Germaine Greer calls on universities to rethink rape response

New book weighs merits of secure reporting software that alerts institutions if an alleged offender crops up more than once

September 6, 2018
Germaine Greer
Source: Alamy

Germaine Greer, the controversial feminist academic, has called on universities to rethink how they handle allegations of rape and sexual assault on campus.

Professor Greer’s new book, On Rape, has already attracted significant controversy for proposing softer sentences for sexual assault. Discussing the book, she has suggested that many rapes are little different from “bad sex”.

Much of the text, however, addresses specific issues within universities. Professor Greer recalls teaching at the University of Warwick 20 years ago and “observing first-hand the effects of sexual depredations on my female students”. She describes “the shockingly high incidence of rapes on college campuses”, which has led to “deeper confusion and bitterer antagonism between the sexes”.

Yet she dismisses the initiatives of some US universities that “ask individuals intending to have sex to set out the conditions under which they are prepared to go ahead, specifying condom use, orifices accessible, ejaculation where, as if sex could be programmed in advance”.

Victims of rape were often keen to tell their stories, yet legal processes frequently made this humiliating and traumatic. “Women are now being encouraged to speak out and pursue redress through the courts,” Professor Greer told Times Higher Education, “even though they seldom succeed in having the offence recognised, let alone expiated. To be discredited instead of vindicated is probably more traumatic, certainly more public, than the rape itself.”

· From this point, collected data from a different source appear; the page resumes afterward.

lemma one_minus_cos_mult_cos_sum_sin_sq:
  "(1 - cos x) * (c + 2 * (\<Sum>k=1..m. (c - real k) * cos (real k * x)))
     = 2 * ((real m + 1 - c) * (sin (real m * x / 2))\<^sup>2
            + (c - real m) * (sin (real (Suc m) * x / 2))\<^sup>2)"
  unfolding one_minus_cos_mult_cos_sum
  unfolding cos_eq_one_minus_sin_sq[of "real m * x"] cos_eq_one_minus_sin_sq[of "real (Suc m) * x"]
  by (simp add: algebra_simps)

lemma sin_sq_double_le: "(sin (real (2*m) * x / 2))\<^sup>2 \<le> 4 * (sin (real m * x / 2))\<^sup>2"
proof -
  have "sin (real (2*m) * x / 2) = 2 * sin (real m * x / 2) * cos (real m * x / 2)"
    using sin_double[of "real m * x / 2"] by simp
  then have "(sin (real (2*m) * x / 2))\<^sup>2 = 4 * (sin (real m * x / 2))\<^sup>2 * (cos (real m * x / 2))\<^sup>2"
    by (simp add: power_mult_distrib)
  also have "\<dots> \<le> 4 * (sin (real m * x / 2))\<^sup>2 * 1"
    by (intro mult_left_mono) (auto simp: abs_cos_le_one abs_square_le_1)
  finally show ?thesis by simp
qed

lemma sin_sq_odd_le:
  "(sin (real (2*m+1) * x / 2))\<^sup>2
     \<le> (\<bar>sin (real m * x / 2)\<bar> + \<bar>sin (real (Suc m) * x / 2)\<bar>)\<^sup>2"
proof -
  have "sin (real (2*m+1) * x / 2) = sin (real m * x / 2 + real (Suc m) * x / 2)"
    by (simp add: field_simps)
  then have "\<bar>sin (real (2*m+1) * x / 2)\<bar>
      \<le> \<bar>sin (real m * x / 2)\<bar> * \<bar>cos (real (Suc m) * x / 2)\<bar>
        + \<bar>cos (real m * x / 2)\<bar> * \<bar>sin (real (Suc m) * x / 2)\<bar>"
    by (simp add: sin_add abs_mult[symmetric] abs_triangle_ineq)
  also have "\<dots> \<le> \<bar>sin (real m * x / 2)\<bar> + \<bar>sin (real (Suc m) * x / 2)\<bar>"
    by (intro add_mono mult_left_le mult_left_le_one_le) (auto simp: abs_cos_le_one)
  finally show ?thesis
    by (simp add: abs_le_square_iff[symmetric])
qed

lemma floor_double: "\<lfloor>2 * c\<rfloor> = (if frac c < 1/2 then 2 * \<lfloor>c\<rfloor> else 2 * \<lfloor>c\<rfloor> + 1)"
  using frac_ge_0[of c] frac_lt_1[of c] unfolding frac_def by (intro floor_unique) auto

lemma one_minus_cos_mult_tent_hat:
  assumes "0 \<le> c"
  shows "(1 - cos x) * tent_hat c x
     = 2 * ((1 - frac c) * (sin (real (nat \<lfloor>c\<rfloor>) * x / 2))\<^sup>2
            + frac c * (sin (real (Suc (nat \<lfloor>c\<rfloor>)) * x / 2))\<^sup>2)"
  using assms unfolding tent_hat_def one_minus_cos_mult_cos_sum_sin_sq frac_def by simp

lemma one_minus_cos_mult_tent_doubling_nonneg:
  assumes "0 \<le> h"
  shows "0 \<le> (1 - cos x) * (4 * tent_hat h x - tent_hat (2 * h) x)"
proof -
  define m where "m = nat \<lfloor>h\<rfloor>"
  define t where "t = frac h"
  define a where "a = \<bar>sin (real m * x / 2)\<bar>"
  define b where "b = \<bar>sin (real (Suc m) * x / 2)\<bar>"
  have t: "0 \<le> t" "t < 1" "frac (2 * h) = (if t < 1/2 then 2 * t else 2 * t - 1)"
    using frac_ge_0[of h] frac_lt_1[of h] floor_double[of h] unfolding t_def frac_def by auto
  have floor_2h: "nat \<lfloor>2 * h\<rfloor> = (if t < 1/2 then 2 * m else 2 * m + 1)"
    using floor_double[of h] assms unfolding m_def t_def by (simp add: nat_mult_distrib nat_add_distrib)
  have tent_h: "(1 - cos x) * tent_hat h x = 2 * ((1 - t) * a\<^sup>2 + t * b\<^sup>2)"
    unfolding one_minus_cos_mult_tent_hat[OF assms] a_def b_def m_def t_def by simp
  have "(1 - cos x) * (4 * tent_hat h x - tent_hat (2 * h) x)
      = 4 * ((1 - cos x) * tent_hat h x) - (1 - cos x) * tent_hat (2 * h) x"
    by (simp add: algebra_simps)
  moreover have "4 * (2 * ((1 - t) * a\<^sup>2 + t * b\<^sup>2)) - (1 - cos x) * tent_hat (2 * h) x \<ge> 0"
  proof (cases "t < 1/2")
    case True
    define A where "A = (sin (real (2 * m) * x / 2))\<^sup>2"
    define B where "B = (sin (real (Suc (2 * m)) * x / 2))\<^sup>2"
    have tent_2h: "(1 - cos x) * tent_hat (2 * h) x = 2 * ((1 - 2 * t) * A + 2 * t * B)"
      using one_minus_cos_mult_tent_hat[of "2 * h" x] assms True t(3)
      unfolding floor_2h A_def B_def m_def t_def by simp
    have "A \<le> 4 * a\<^sup>2" "B \<le> (a + b)\<^sup>2"
      unfolding A_def B_def a_def b_def using sin_sq_double_le sin_sq_odd_le by auto
    then have "0 \<le> (1 - 2 * t) * (4 * a\<^sup>2 - A)" "0 \<le> t * ((a + b)\<^sup>2 - B)" "0 \<le> t * (a - b)\<^sup>2"
      using True t by simp_all
    then show ?thesis
      unfolding tent_2h by (simp add: algebra_simps power2_eq_square)
  next
    case False
    define A where "A = (sin (real (2 * m + 1) * x / 2))\<^sup>2"
    define B where "B = (sin (real (2 * Suc m) * x / 2))\<^sup>2"
    have tent_2h: "(1 - cos x) * tent_hat (2 * h) x = 2 * ((2 - 2 * t) * A + (2 * t - 1) * B)"
      using one_minus_cos_mult_tent_hat[of "2 * h" x] assms False t(3)
      unfolding floor_2h A_def B_def m_def t_def by simp
    have "A \<le> (a + b)\<^sup>2" "B \<le> 4 * b\<^sup>2"
      unfolding A_def B_def a_def b_def using sin_sq_double_le[of "Suc m"] sin_sq_odd_le by auto
    then have "0 \<le> (2 * t - 1) * (4 * b\<^sup>2 - B)" "0 \<le> (1 - t) * ((a + b)\<^sup>2 - A)"
        "0 \<le> (1 - t) * (a - b)\<^sup>2"
      using False t by simp_all
    then show ?thesis
      unfolding tent_2h by (simp add: algebra_simps power2_eq_square)
  qed
  ultimately show ?thesis unfolding tent_h by simp
qed

lemma cos_of_nat_mult_eq_one:
  assumes "cos x = 1"
  shows "cos (real k * x) = 1"
proof -
  obtain n :: int where "x = of_int n * 2 * pi"
    using assms cos_one_2pi_int by blast
  then have "real k * x = of_int (int k * n) * 2 * pi"
    by simp
  then show ?thesis
    using cos_one_2pi_int by blast
qed

lemma tent_hat_cos_eq_one:
  assumes "cos x = 1"
  shows "tent_hat c x = (2 * real (nat \<lfloor>c\<rfloor>) + 1) * c - real (nat \<lfloor>c\<rfloor>) * (real (nat \<lfloor>c\<rfloor>) + 1)"
proof -
  have "(\<Sum>k=1..nat \<lfloor>c\<rfloor>. (c - real k) * cos (real k * x))
      = real (nat \<lfloor>c\<rfloor>) * c - (\<Sum>k=1..nat \<lfloor>c\<rfloor>. real k)"
    by (simp add: cos_of_nat_mult_eq_one[OF assms] sum_subtractf)
  then show ?thesis
    unfolding tent_hat_def using double_gauss_sum_from_Suc_0[of "nat \<lfloor>c\<rfloor>", where 'a=real]
    by (simp add: algebra_simps)
qed

lemma tent_doubling_nonneg:
  assumes "0 \<le> h"
  shows "0 \<le> 4 * tent_hat h x - tent_hat (2 * h) x"
proof (cases "cos x = 1")
  case True
  define m where "m = nat \<lfloor>h\<rfloor>"
  define t where "t = frac h"
  have "0 \<le> t" "t < 1"
    unfolding t_def by (simp_all add: frac_lt_1)
  moreover have "nat \<lfloor>2 * h\<rfloor> = (if t < 1/2 then 2 * m else 2 * m + 1)"
    using floor_double[of h] assms unfolding m_def t_def by (simp add: nat_mult_distrib nat_add_distrib)
  moreover have "h = real m + t"
    using assms unfolding m_def t_def frac_def by simp
  ultimately show ?thesis
    unfolding tent_hat_cos_eq_one[OF True] m_def[symmetric]
    by (auto simp: algebra_simps)
next
  case False
  then have "0 < 1 - cos x"
    using cos_le_one[of x] by linarith
  then show ?thesis
    using one_minus_cos_mult_tent_doubling_nonneg[OF assms, of x] by (simp add: zero_le_mult_iff)
qed

lemma ee_eq_cis: "ee y = cis (2 * pi * y)"
  unfolding ee_def cis_conv_exp by (simp add: algebra_simps)

lemma ee_add_of_int: "ee (y + of_int k) = ee y"
proof -
  have "2 * of_real pi * \<i> * of_real (y + of_int k)
      = 2 * of_real pi * \<i> * of_real y + \<i> * (of_int k * (of_real pi * 2))"
    by (simp add: algebra_simps)
  then show ?thesis
    unfolding ee_def by simp
qed

lemma ee_uminus_add_ee: "ee (- y) + ee y = of_real (2 * cos (2 * pi * y))"
  unfolding ee_eq_cis by (simp add: complex_eq_iff)

lemma sum_symmetric_interval_ee:
  fixes u :: "int \<Rightarrow> real"
  assumes even: "\<And>a. u (- a) = u a"
  shows "(\<Sum>a\<in>{- int M..int M}. of_real (u a) * ee (of_int a * \<beta>))
       = of_real (u 0 + 2 * (\<Sum>k=1..M. u (int k) * cos (real k * (2 * pi * \<beta>))))"
proof (induction M)
  case 0
  then show ?case by (simp add: ee_def)
next
  case (Suc M)
  have "{- int (Suc M)..int (Suc M)} = insert (- int (Suc M)) (insert (int (Suc M)) {- int M..int M})"
    by auto
  then have "(\<Sum>a\<in>{- int (Suc M)..int (Suc M)}. of_real (u a) * ee (of_int a * \<beta>))
      = of_real (u (int (Suc M))) * (ee (- (real (Suc M) * \<beta>)) + ee (real (Suc M) * \<beta>))
        + (\<Sum>a\<in>{- int M..int M}. of_real (u a) * ee (of_int a * \<beta>))"
    using even[of "int (Suc M)"] by (simp add: algebra_simps)
  then show ?case
    unfolding ee_uminus_add_ee Suc by (simp add: algebra_simps)
qed

lemma W_eq_tents:
  assumes "0 \<le> h"
  shows "W h a = 4 * max (h - \<bar>real_of_int a\<bar>) 0 - max (2 * h - \<bar>real_of_int a\<bar>) 0"
  using assms unfolding W_def by (auto simp: max_def)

It was also while at Warwick, according to her book, that “it became clear to [Professor Greer] that the perpetrators of sexual harassment were…a self-selecting group of serial offenders”. This suggested possible ways forward. Some universities have adopted a website called Callisto, where victims of sexual assault can report their experiences in a secure document that gets passed on to the institutions concerned only if an alleged perpetrator is named several times. This might certainly have flagged up the dangers presented by a college footballer twice accused of rape (although the two women, unable to face the court process, withdrew their complaints) who went on to assault other women and was later convicted of murder.

Yet Professor Greer admitted that even this option presented a number of difficulties. “The problem with Callisto and similar attempts is that the women’s narratives must be securely encrypted so that even the original institutions and contributors cannot access them,” she said.

“If this proves not to be the case (and hackers are everywhere), the institutions could face ruinous litigation on the grounds of libel. What is more, if the accused individuals are potentially guilty of a serious criminal offence, the institutions involved would be guilty of dereliction of duty if the police had not been informed in the first instance.”

In the longer term, Professor Greer added, “the only way forward is for women to define the nature and gravity of the offence by investigation, argument and discussion”. Universities might be among the best places to carry out this essential work, she suggested.

matthew.reisz@timeshighereducation.com

Germaine Greer’s On Rape is published on 6 September by Bloomsbury.